Nerves that entangle by synchrony observe together so they are observer gates not transistor gates. Each observation is a choice, and lower choices precede higher ones, up to a global observer who also chooses what to observe. The choice of what we attend to isn’t defined by sense input nor is it entirely free, as the options available at the top level depend on choices made lower down. This isn’t a machine where each cog drives the next but a choice hierarchy, where lower choices define higher ones. The cause of human behavior, in brain terms, is choices all the way down, so the social norm of people being responsible for their own actions has a neural basis.

Consciousness is like a spotlight that begins as millions of barely discernible point flickers that blink at different times. Eventually they become area flashes that wink separately until they also synchronize into a coherent beam directed at a target, which is our attention. It takes about half-a-second for the spotlight to power up, as each synchrony leads to the next.

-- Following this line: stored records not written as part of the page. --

(* There is an isomorphism of multiplicative groups $\sigma:(\mathbb Q\setminus\{0\},\cdot)\to(\mathbb F_3(t)\setminus\{0\},\cdot)$, and letting $\lambda\in\mathbb Q$ act on $V=\mathbb Q\oplus\mathbb F_3(t)$ by $\lambda(v_1,v_2)=(\lambda v_1,\sigma(\lambda)v_2)$ (with $\sigma(0)=0$) makes $(V,\mathbb Q)$ a near vector space over the commutative $F=\mathbb Q$ whose two blocks $\mathbb Q\oplus0$ and $0\oplus\mathbb F_3(t)$ induce fields $(F,+_u,\circ)$ of different characteristics ($0$ and $3$).
   Context: A near vector space $(V,F)$: $(V,+)$ a group, $F$ a set of endomorphisms containing $0,1,-1$, with $F\setminus\{0\}$ a subgroup of $\mathrm{Aut}(V,+)$ acting fixed point freely ($\alpha x=\beta x\Rightarrow\alpha=\beta$ or $x=0$), such that the quasi-kernel $Q(V)=\{u:\forall\alpha,\beta\in F\,\exists\gamma\in F\ \alpha u+\beta u=\gamma u\}$ generates $V$. For $u\in Q(V)\setminus\{0\}$, $\alpha+_u\beta$ is the unique $\gamma\in F$ with $\alpha u+\beta u=\gamma u$; for commutative $F$, $(F,+_u,\circ)$ is a field. Blocks are the summands in André's decomposition of $V$ into maximal regular near vector subspaces, each nonzero quasi-kernel element lying in exactly one. *)

theory Defs
  imports "Berlekamp_Zassenhaus.Finite_Field"
          "HOL-Computational_Algebra.Fraction_Field"
          "HOL-Library.Product_Plus"
          "HOL-Algebra.Ring"
begin

typedef three = "{0::nat, 1, 2}" by auto

instance three :: finite
proof
  have "Rep_three ` UNIV \<subseteq> {0::nat,1,2}" by (rule image_subsetI) (rule Rep_three)
  then have "finite (Rep_three ` UNIV)" by (rule finite_subset) simp
  moreover have "inj Rep_three" by (simp add: inj_on_def Rep_three_inject)
  ultimately show "finite (UNIV :: three set)" using finite_imageD by blast
qed

lemma card_three: "CARD(three) = 3"
proof -
  have "CARD(three) = card (Rep_three ` UNIV)"
    by (simp add: card_image inj_on_def Rep_three_inject)
  also have "Rep_three ` UNIV = {0,1,2}" using type_definition.Rep_range[OF type_definition_three] by simp
  finally show ?thesis by simp
qed

instance three :: prime_card
  by standard (simp add: card_three)

text \<open>F_3 = three mod_ring, F_3[t] = three mod_ring poly, F_3(t) its field of fractions.\<close>
type_synonym f3t = "three mod_ring poly fract"

inductive_set add_span :: "'v::group_add set \<Rightarrow> 'v set" for S where
  span_zero: "0 \<in> add_span S"
| span_base: "x \<in> S \<Longrightarrow> x \<in> add_span S"
| span_add: "x \<in> add_span S \<Longrightarrow> y \<in> add_span S \<Longrightarrow> x + y \<in> add_span S"
| span_neg: "x \<in> add_span S \<Longrightarrow> - x \<in> add_span S"

text \<open>Endomorphisms are compared on the carrier V only.\<close>
definition zero_on :: "'v::group_add set \<Rightarrow> ('v \<Rightarrow> 'v) \<Rightarrow> bool" where
  "zero_on V \<alpha> \<longleftrightarrow> (\<forall>x\<in>V. \<alpha> x = 0)"

definition agree_on :: "'v set \<Rightarrow> ('v \<Rightarrow> 'v) \<Rightarrow> ('v \<Rightarrow> 'v) \<Rightarrow> bool" where
  "agree_on V \<alpha> \<beta> \<longleftrightarrow> (\<forall>x\<in>V. \<alpha> x = \<beta> x)"

definition quasi_kernel :: "'v::group_add set \<Rightarrow> ('v \<Rightarrow> 'v) set \<Rightarrow> 'v set" where
  "quasi_kernel V F = {u \<in> V. \<forall>\<alpha>\<in>F. \<forall>\<beta>\<in>F. \<exists>\<gamma>\<in>F. \<alpha> u + \<beta> u = \<gamma> u}"

definition near_vector_space :: "'v::group_add set \<Rightarrow> ('v \<Rightarrow> 'v) set \<Rightarrow> bool" where
  "near_vector_space V F \<longleftrightarrow>
     \<comment> \<open>(V,+) is a group\<close>
     0 \<in> V \<and> (\<forall>x\<in>V. \<forall>y\<in>V. x + y \<in> V) \<and> (\<forall>x\<in>V. - x \<in> V)
     \<comment> \<open>F is a set of endomorphisms of (V,+)\<close>
   \<and> (\<forall>\<alpha>\<in>F. (\<forall>x\<in>V. \<alpha> x \<in> V) \<and> (\<forall>x\<in>V. \<forall>y\<in>V. \<alpha> (x + y) = \<alpha> x + \<alpha> y))
     \<comment> \<open>0, 1, -1 belong to F\<close>
   \<and> (\<exists>\<alpha>\<in>F. zero_on V \<alpha>) \<and> (\<exists>\<alpha>\<in>F. agree_on V \<alpha> id) \<and> (\<exists>\<alpha>\<in>F. agree_on V \<alpha> uminus)
     \<comment> \<open>F - {0} is a subgroup of Aut(V,+)\<close>
   \<and> (\<forall>\<alpha>\<in>F. \<not> zero_on V \<alpha> \<longrightarrow> bij_betw \<alpha> V V)
   \<and> (\<forall>\<alpha>\<in>F. \<forall>\<beta>\<in>F. \<not> zero_on V \<alpha> \<longrightarrow> \<not> zero_on V \<beta> \<longrightarrow> (\<exists>\<gamma>\<in>F. agree_on V \<gamma> (\<alpha> \<circ> \<beta>)))
   \<and> (\<forall>\<alpha>\<in>F. \<not> zero_on V \<alpha> \<longrightarrow> (\<exists>\<beta>\<in>F. \<forall>x\<in>V. \<beta> (\<alpha> x) = x))
     \<comment> \<open>fixed point free action\<close>
   \<and> (\<forall>\<alpha>\<in>F. \<forall>\<beta>\<in>F. \<forall>x\<in>V. \<alpha> x = \<beta> x \<longrightarrow> agree_on V \<alpha> \<beta> \<or> x = 0)
     \<comment> \<open>the quasi-kernel generates V\<close>
   \<and> V \<subseteq> add_span (quasi_kernel V F)"

definition regular_nvs :: "'v::group_add set \<Rightarrow> ('v \<Rightarrow> 'v) set \<Rightarrow> bool" where
  "regular_nvs V F \<longleftrightarrow> near_vector_space V F \<and>
     (\<forall>u\<in>quasi_kernel V F - {0}. \<forall>v\<in>quasi_kernel V F - {0}.
        \<exists>c\<in>F. \<not> zero_on V c \<and> u + c v \<in> quasi_kernel V F)"

definition nvs_block :: "'v::group_add set \<Rightarrow> ('v \<Rightarrow> 'v) set \<Rightarrow> 'v set \<Rightarrow> bool" where
  "nvs_block V F W \<longleftrightarrow> W \<subseteq> V \<and> regular_nvs W F \<and>
     (\<forall>W'. W \<subseteq> W' \<and> W' \<subseteq> V \<and> regular_nvs W' F \<longrightarrow> W' = W)"

definition plus_u :: "('v \<Rightarrow> 'v) set \<Rightarrow> 'v \<Rightarrow> ('v \<Rightarrow> 'v) \<Rightarrow> ('v \<Rightarrow> 'v) \<Rightarrow> ('v \<Rightarrow> 'v::group_add)" where
  "plus_u F u \<alpha> \<beta> = (THE \<gamma>. \<gamma> \<in> F \<and> \<alpha> u + \<beta> u = \<gamma> u)"

text \<open>The structure (F, +_u, o) (for a near vector space on the whole type, so that the
  zero map and the identity are the zero and unit of F).\<close>
definition qk_ring :: "('v \<Rightarrow> 'v) set \<Rightarrow> 'v \<Rightarrow> ('v \<Rightarrow> 'v::group_add) ring" where
  "qk_ring F u = \<lparr>carrier = F, monoid.mult = (\<circ>), one = id, zero = (\<lambda>x. 0), add = plus_u F u\<rparr>"

definition ring_char_zero :: "('a, 'b) ring_scheme \<Rightarrow> bool" where
  "ring_char_zero R \<longleftrightarrow> (\<forall>n::nat. n > 0 \<longrightarrow> add_pow R n \<one>\<^bsub>R\<^esub> \<noteq> \<zero>\<^bsub>R\<^esub>)"

definition ring_has_char :: "('a, 'b) ring_scheme \<Rightarrow> nat \<Rightarrow> bool" where
  "ring_has_char R p \<longleftrightarrow> p > 0 \<and> add_pow R p \<one>\<^bsub>R\<^esub> = \<zero>\<^bsub>R\<^esub> \<and>
     (\<forall>n::nat. 0 < n \<and> n < p \<longrightarrow> add_pow R n \<one>\<^bsub>R\<^esub> \<noteq> \<zero>\<^bsub>R\<^esub>)"

end

theory Submission
  imports Defs "HOL-Algebra.QuotRing" "HOL-Library.Countable_Set" "Jordan_Normal_Form.VS_Connect"
begin

text \<open>
  Both multiplicative groups are \<open>{\<plusminus>1}\<close> times a free abelian group on countably many
  generators: \<open>\<int>\<close> and \<open>\<bbbF>\<^sub>3[t]\<close> are factorial with units \<open>\<plusminus>1\<close> and countably infinitely many
  primes, so a bijection between the primes extends multiplicatively to \<open>\<int> \<rightarrow> \<bbbF>\<^sub>3[t]\<close> and
  then to the fraction fields.

  A vector with two nonzero coordinates is not in the quasi-kernel: \<open>1u + 1u = \<gamma>u\<close> would force
  \<open>\<gamma> = 2\<close> and \<open>\<sigma> \<gamma> = 2\<close>, whereas \<open>\<sigma> 2 \<noteq> \<sigma> (-1) = -1 = 2\<close> in \<open>\<bbbF>\<^sub>3(t)\<close>. So the quasi-kernel is the
  union of the two axes, every regular subspace lies in an axis, and the axes are the blocks.
  On \<open>\<rat> \<oplus> 0\<close> the addition \<open>+\<^sub>u\<close> is that of \<open>\<rat>\<close>, on \<open>0 \<oplus> \<bbbF>\<^sub>3(t)\<close> it is that of
  \<open>\<bbbF>\<^sub>3(t)\<close> pulled back along \<open>\<sigma>\<close>; hence the characteristics \<open>0\<close> and \<open>3\<close>.
\<close>

section \<open>Multiplicative maps determined on primes\<close>

text \<open>In rings whose units are \<open>\<plusminus>1\<close>, \<open>unit_sign\<close> transports the unit factor to another ring.\<close>

definition unit_sign :: "'a::{factorial_semiring_multiplicative, idom} \<Rightarrow> 'b::idom" where
  "unit_sign x = (if unit_factor x = 1 then 1 else -1)"

definition factorwise ::
  "('a \<Rightarrow> 'b) \<Rightarrow> 'a::{factorial_semiring_multiplicative, idom} \<Rightarrow> 'b::{factorial_semiring_multiplicative, idom}"
where
  "factorwise f x = (if x = 0 then 0 else unit_sign x * prod_mset (image_mset f (prime_factorization x)))"

lemma is_unit_unit_sign: "is_unit (unit_sign x)"
  by (simp add: unit_sign_def)

lemma unit_sign_eq_unit_factor:
  fixes x :: "'a::{factorial_semiring_multiplicative, idom}"
  assumes units: "\<And>u::'a. is_unit u \<Longrightarrow> u = 1 \<or> u = -1" and "x \<noteq> 0"
  shows "unit_sign x = unit_factor x"
  using units[OF unit_factor_is_unit[OF \<open>x \<noteq> 0\<close>]] by (auto simp: unit_sign_def)

lemma unit_sign_mult:
  fixes x y :: "'a::{factorial_semiring_multiplicative, idom}"
  assumes units: "\<And>u::'a. is_unit u \<Longrightarrow> u = 1 \<or> u = -1" and "(1::'a) \<noteq> -1"
    and "x \<noteq> 0" "y \<noteq> 0"
  shows "(unit_sign (x * y) :: 'b::idom) = unit_sign x * unit_sign y"
  using units[OF unit_factor_is_unit[OF \<open>x \<noteq> 0\<close>]] units[OF unit_factor_is_unit[OF \<open>y \<noteq> 0\<close>]]
    \<open>(1::'a) \<noteq> -1\<close>
  by (auto simp: unit_sign_def unit_factor_mult)

lemma prime_factorization_prod_mset_image:
  assumes "\<And>p. prime p \<Longrightarrow> prime (f p)"
  shows "prime_factorization (prod_mset (image_mset f (prime_factorization x)))
    = image_mset f (prime_factorization x)"
  by (rule prime_factorization_prod_mset_primes) (auto intro: assms simp: in_prime_factors_imp_prime)

lemma factorwise_eq_0_iff:
  assumes "\<And>p. prime p \<Longrightarrow> prime (f p)"
  shows "factorwise f x = 0 \<longleftrightarrow> x = 0"
proof -
  have "f p \<noteq> 0" if "p \<in># prime_factorization x" for p
    using assms[OF in_prime_factors_imp_prime[OF that]] by auto
  then have "0 \<notin># image_mset f (prime_factorization x)"
    by auto
  then show ?thesis
    by (auto simp: factorwise_def unit_sign_def)
qed

lemma factorwise_mult:
  fixes f :: "'a::{factorial_semiring_multiplicative, idom} \<Rightarrow> 'b::{factorial_semiring_multiplicative, idom}"
  assumes "\<And>u::'a. is_unit u \<Longrightarrow> u = 1 \<or> u = -1" and "(1::'a) \<noteq> -1"
  shows "factorwise f (x * y) = factorwise f x * factorwise f y"
proof (cases "x = 0 \<or> y = 0")
  case False
  then show ?thesis
    by (simp add: factorwise_def prime_factorization_mult unit_sign_mult[OF assms] mult_ac)
qed (auto simp: factorwise_def)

This explains how we see one visual field when each hemisphere only sees half of it. Each hemisphere doesn’t send data to the other hemisphere to unify the visual field. This is impossible by encapsulation and inefficient. Instead, callosal nerves synchronize the hemispheres into one observer that sees what both do.

  This explains why beta-gamma waves stop under anesthesia and consciousness doesn’t return until they do (John et al., 2001). The anesthetic makes us unconscious by interfering with brain synchrony. Only when and brain waves return, and the uncoupled hemispheres recouple, does conscious vision also return. What observes the full visual field isn’t either hemisphere but their quantum entanglement.